История Далиса и другие повести - стр. 24
Из сотрудников на месте была только Мила Липатова, готовившаяся к встрече с возможным жертвователем, вставшая перед зеркалом и придирчиво осматривающая свое отражение. «Вот вы, Саша, – обратилась она к Артемьеву, – как вы находите, не очень легкомыслен мой пиджачок?» И она одернула полы пиджака приятных серых тонов. «Строг и вам к лицу, – отозвался Артемьев. – Он дрогнет, ваш жертвователь, вот увидите». «Господь управит», – вздохнула она, села за стол и взяла телефон. «Откройте тайну – садясь напротив, спросил он, – Не знаете ли, что это за второй конверт к зарплате?» «Второй? – она наморщила гладкий лоб и долгим взглядом посмотрела Артемьеву в глаза. – Какой второй? Ах, вы о дополнительном вознаграждении… Вообще-то у нас не принято это обсуждать. Это Валентин Петрович. Он находит возможности… ресурсы… Милость Божия, вот что это». Артемьев не стал донимать ее вопросами, но второй конверт какое-то время еще сидел в нем занозой. Тут зарплату неловко получать, а тебе еще и с неба манна в виде второго и довольно пухлого конверта. Он несколько дней думал об этом, но затем поехал в Рязань, к Леночке Нестеровой, двенадцати лет, у которой обнаружена была редкая для ее возраста опухоль – хондросаркома. Через год после операции возник рецидив. Спасать девочку повезли в Москву, в Онкоцентр, где веселый врач с кавказскими усами описал, как Лене иссекут опухоль, укрепят позвоночник чем-то вроде металлического каркаса и на несколько месяцев усадят в инвалидное кресло. «А встанет ли?» – робко спросила мама, Екатерина Ивановна. «Должна встать!» – бодро сказал врач. Екатерина Ивановна представила Лену, на многие годы прикованную к инвалидному креслу, и ей стало дурно. «А где, – едва промолвила она, – еще… это делают?» Веселый врач стал еще веселее. «В Италии, – засмеялся он. – В Японии. В Германии».
Пока Екатерина Ивановна рассказывала, а Артемьев слушал, Леночка, худенькая девочка с длинными ногами жеребенка, сидела на диване, привалившись к отцу, крепкому человеку лет сорока. «В Германии… в Италии, – с мучительной улыбкой проговорила Екатерина Ивановна. – Где нам такие деньги взять?» «Папа, – тихо сказала Леночка, – а почему у нас нет денег»? «Я посчитал, – обняв ее за плечи, мрачно произнес отец, – нам надо год не есть, не пить, не платить за квартиру… вообще не жить…»

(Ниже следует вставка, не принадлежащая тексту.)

(* Let $\alpha\in(0,1)$, $r>0$ and $\lambda=r\big(\cos\frac{\pi\alpha}{2}+i\sin\frac{\pi\alpha}{2}\big)$. Then for every $x_0\in\mathbb{C}$ the solution of \[ {}^{C}D^\alpha_{0+}x(t)=\lambda x(t)+\exp(i r^{1/\alpha}t),\qquad x(0)=x_0, \] namely $\varphi(t;0,x_0)=E_\alpha(\lambda t^\alpha)x_0+\int_0^t(t-\tau)^{\alpha-1}E_{\alpha,\alpha}(\lambda(t-\tau)^\alpha)\exp(ir^{1/\alpha}\tau)\,d\tau$, is unbounded on $\mathbb{R}_{\ge0}$.
   Context: For $\alpha\in(0,1)$ the Caputo derivative is ${}^{C}D^\alpha_{0+}x(t)=\frac{1}{\Gamma(1-\alpha)}\int_0^t(t-\tau)^{-\alpha}x'(\tau)\,d\tau$. The Mittag-Leffler functions are $E_{\alpha,\beta}(z)=\sum_{k\ge0}z^k/\Gamma(\alpha k+\beta)$, $E_\alpha=E_{\alpha,1}$. *)

theory Defs
  imports "HOL-Analysis.Analysis"
begin

definition mittag_leffler :: "real \<Rightarrow> real \<Rightarrow> complex \<Rightarrow> complex" where
  "mittag_leffler a b z = (\<Sum>k. z ^ k / Gamma (complex_of_real (a * real k + b)))"

definition mittag_leffler1 :: "real \<Rightarrow> complex \<Rightarrow> complex" where
  "mittag_leffler1 a z = mittag_leffler a 1 z"

definition frac_sol :: "real \<Rightarrow> complex \<Rightarrow> real \<Rightarrow> complex \<Rightarrow> real \<Rightarrow> complex" where
  "frac_sol a lam w x0 t =
     mittag_leffler1 a (lam * complex_of_real (t powr a)) * x0
     + integral {0..t} (\<lambda>s. complex_of_real ((t - s) powr (a - 1))
          * mittag_leffler a a (lam * complex_of_real ((t - s) powr a))
          * exp (\<i> * complex_of_real (w * s)))"

end

theory Submission
  imports Defs "HOL-Complex_Analysis.Complex_Analysis"
begin

text \<open>Suppose the solution \<open>\<phi>\<close> were bounded by \<open>M\<close> on \<open>[0, \<infinity>)\<close>. Then its Laplace transform \<open>\<Phi>\<close>
  is holomorphic on the right half plane with \<open>norm (\<Phi> s) \<le> M / Re s\<close>. Integrating the
  Mittag-Leffler series term by term and using the convolution theorem gives, for large real \<open>s\<close>,
  \<open>\<Phi> s * (s powr \<alpha> - \<lambda>) * (s - \<i> \<omega>) = x0 * s powr (\<alpha> - 1) * (s - \<i> \<omega>) + 1\<close> with
  \<open>\<omega> = r powr (1 / \<alpha>)\<close>, and by analytic continuation this identity holds on the whole half plane.
  The choice of \<open>\<lambda>\<close> makes \<open>(\<i> \<omega>) powr \<alpha> = \<lambda>\<close>, i.e. the forcing frequency resonates with a zero
  of \<open>s powr \<alpha> - \<lambda>\<close> on the imaginary axis. Along \<open>s = \<i> \<omega> + \<epsilon>\<close> the left-hand side is
  then \<open>O(norm (s powr \<alpha> - \<lambda>))\<close>, which tends to \<open>0\<close>, while the right-hand side tends to \<open>1\<close>.
  The argument does not need \<open>\<alpha> < 1\<close>.\<close>

lemma Gamma_ge_powr_exp:
  fixes x T :: real
  assumes x: "x > 0" and T: "T > 0"
  shows "T powr x * exp (-2*T) / 2 \<le> Gamma x"
proof -
  define f where "f = (\<lambda>t::real. t powr (x - 1) / exp t)"
  have G: "(f has_integral Gamma x) {0..}" unfolding f_def using Gamma_integral_real[OF x] .
  have fi: "f integrable_on {T..2*T}"
    unfolding f_def using T by (intro integrable_continuous_interval continuous_intros) auto
  have "integral {T..2*T} f \<le> integral {0..} f"
    using G T by (intro integral_subset_le fi) (auto simp: f_def has_integral_integrable)
  also have "\<dots> = Gamma x" using G by blast
  finally have I: "integral {T..2*T} f \<le> Gamma x" .
  have lb: "T powr (x - 1) * exp (-2*T) / 2 \<le> f t" if t: "t \<in> {T..2*T}" for t
  proof -
    have p: "T powr (x - 1) / 2 \<le> t powr (x - 1)"
    proof (cases "x \<ge> 1")
      case True
      then have "T powr (x - 1) \<le> t powr (x - 1)" using t T by (intro powr_mono2) auto
      then show ?thesis using powr_ge_zero[of T "x - 1"] by linarith
    next
      case False
      have "(2*T) powr (x - 1) \<le> t powr (x - 1)" using t T False by (intro powr_mono2') auto
      moreover have "(2*T) powr (x - 1) = 2 powr (x-1) * T powr (x-1)"
        using T by (simp add: powr_mult)
      moreover have "(1/2::real) \<le> 2 powr (x - 1)"
        using x powr_mono[of "-1" "x - 1" 2] by (simp add: powr_minus)
      moreover have "(1/2) * T powr (x - 1) \<le> 2 powr (x - 1) * T powr (x - 1)"
        using \<open>1/2 \<le> 2 powr (x - 1)\<close> by (intro mult_right_mono) auto
      ultimately show ?thesis by simp
    qed
    have "exp (-2*T) \<le> exp (-t)"
      using t by simp
    then have e: "exp (-2*T) \<le> 1 / exp t"
      by (simp add: exp_minus field_simps)
    show ?thesis
      using mult_mono[OF p e] by (simp add: f_def)
  qed
  have "integral {T..2*T} (\<lambda>_. T powr (x - 1) * exp (-2*T) / 2) \<le> integral {T..2*T} f"
    using lb fi by (intro integral_le) auto
  moreover have "integral {T..2*T} (\<lambda>_. T powr (x - 1) * exp (-2*T) / 2) = T * (T powr (x - 1) * exp (-2*T) / 2)"
    using T by simp
  moreover have "T * T powr (x - 1) = T powr x"
    using T by (simp add: powr_diff)
  ultimately show ?thesis using I T by (simp add: mult.assoc[symmetric])
qed

lemma powr_mult_of_nat: "t > 0 \<Longrightarrow> t powr (a * real k) = (t powr a) ^ k"
  by (simp add: powr_powr[symmetric] powr_realpow)

text \<open>With \<open>T powr a = 2 R + 1\<close> the lower bound for \<open>Gamma\<close> makes the terms \<open>O(2 ^ -k)\<close>.\<close>
lemma summable_mittag_leffler_real:
  fixes a b R :: real
  assumes a: "a > 0" and b: "b > 0" and R: "R \<ge> 0"
  shows "summable (\<lambda>k. R ^ k / Gamma (a * real k + b))"
proof -
  define T where "T = (2*R + 1) powr (1/a)"
  have T: "T > 0" using R by (simp add: T_def)
  have Ta: "T powr a = 2*R+1" using R a by (simp add: T_def powr_powr)
  define C where "C = 2 * exp (2*T) / T powr b"
  have bnd: "norm (R ^ k / Gamma (a * real k + b)) \<le> C * (1/2)^k" for k
  proof -
    have xk: "a * real k + b > 0" using a b by (simp add: add_nonneg_pos)
    have g: "T powr (a * real k + b) * exp (-2*T) / 2 \<le> Gamma (a * real k + b)"
      by (rule Gamma_ge_powr_exp[OF xk T])
    have gp: "Gamma (a * real k + b) > 0" using xk by (simp add: Gamma_real_pos)
    have tp: "T powr (a * real k + b) = (2*R+1)^k * T powr b"
      using T by (simp add: powr_add powr_mult_of_nat Ta)
    have "norm (R ^ k / Gamma (a * real k + b)) = R^k / Gamma (a * real k + b)"
      using R gp by simp
    also have "\<dots> \<le> R^k / (T powr (a * real k + b) * exp (-2*T) / 2)"
      using g R gp T by (intro divide_left_mono) (auto intro!: mult_pos_pos)
    also have "\<dots> = C * (R / (2*R+1))^k"
      using T R by (simp only: tp C_def) (simp add: field_simps exp_minus power_divide)
    also have "\<dots> \<le> C * (1/2)^k"
      using R by (intro mult_left_mono power_mono) (auto simp: C_def field_simps)
    finally show ?thesis .
  qed
  show ?thesis
    by (rule summable_comparison_test[OF _ summable_mult[OF complete_algebra_summable_geometric]])
       (use bnd in auto)
qed

lemma norm_mittag_leffler_term:
  assumes "a > 0" "b > 0"
  shows "norm (z ^ k / Gamma (complex_of_real (a * real k + b))) = norm z ^ k / Gamma (a * real k + b)"
proof -
  have "Gamma (a * real k + b) > 0" using assms by (intro Gamma_real_pos) (simp add: add_nonneg_pos)
  then show ?thesis by (simp only: Gamma_complex_of_real norm_divide norm_power norm_of_real abs_of_pos)
qed

lemma summable_norm_mittag_leffler:
  assumes "a > 0" "b > 0"
  shows "summable (\<lambda>k. norm (z ^ k / Gamma (complex_of_real (a * real k + b))))"
  by (subst norm_mittag_leffler_term[OF assms]) (rule summable_mittag_leffler_real[OF assms norm_ge_zero])

lemma mittag_leffler_sums:
  assumes "a > 0" "b > 0"
  shows "(\<lambda>k. z ^ k / Gamma (complex_of_real (a * real k + b))) sums mittag_leffler a b z"
  unfolding mittag_leffler_def using summable_norm_cancel[OF summable_norm_mittag_leffler[OF assms]]
  by (simp add: summable_sums)

lemma isCont_mittag_leffler:
  assumes "a > 0" "b > 0"
  shows "isCont (mittag_leffler a b) z"
proof -
  have "mittag_leffler a b = (\<lambda>z. \<Sum>k. (1 / Gamma (complex_of_real (a * real k + b))) * z ^ k)"
    by (simp add: mittag_leffler_def fun_eq_iff)
  then show ?thesis
    by (simp only:) (rule isCont_powser_converges_everywhere,
        use summable_norm_cancel[OF summable_norm_mittag_leffler[OF assms]] in simp)
qed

Артемьев написал о Леночке, ее маме, ее отце. И пока писал, пока пытался представить себе обрушившийся на них ужас, охватившее их отчаяние, чувство бесконечного одиночества – думал, что огромной стране с ее нефтью и газом, с ее ископаемыми и рукотворными богатствами, дворцами ее богачей, с ее ракетами, бомбами и танками совсем нет дела до человека, одного из ста сорока миллионов, – как он живет, ходит в магазин, смотрит на цены и прикидывает, что ему по карману, а о чем нечего и думать, как он часами сидит в коридоре поликлиники, как идет в аптеку, где сокрушенно качает головой и говорит, что проще умереть, – во всяком случае, дешевле. Кто его услышит? Кто поймет? Кто обнадежит? Кто скажет, с любовью глянув на него: «Погоди. Потерпи еще немного. Не за горами новая жизнь»? Он горько смеется. Его так часто и так бесстыдно обманывали, что он давно уже никому и ничему не верит.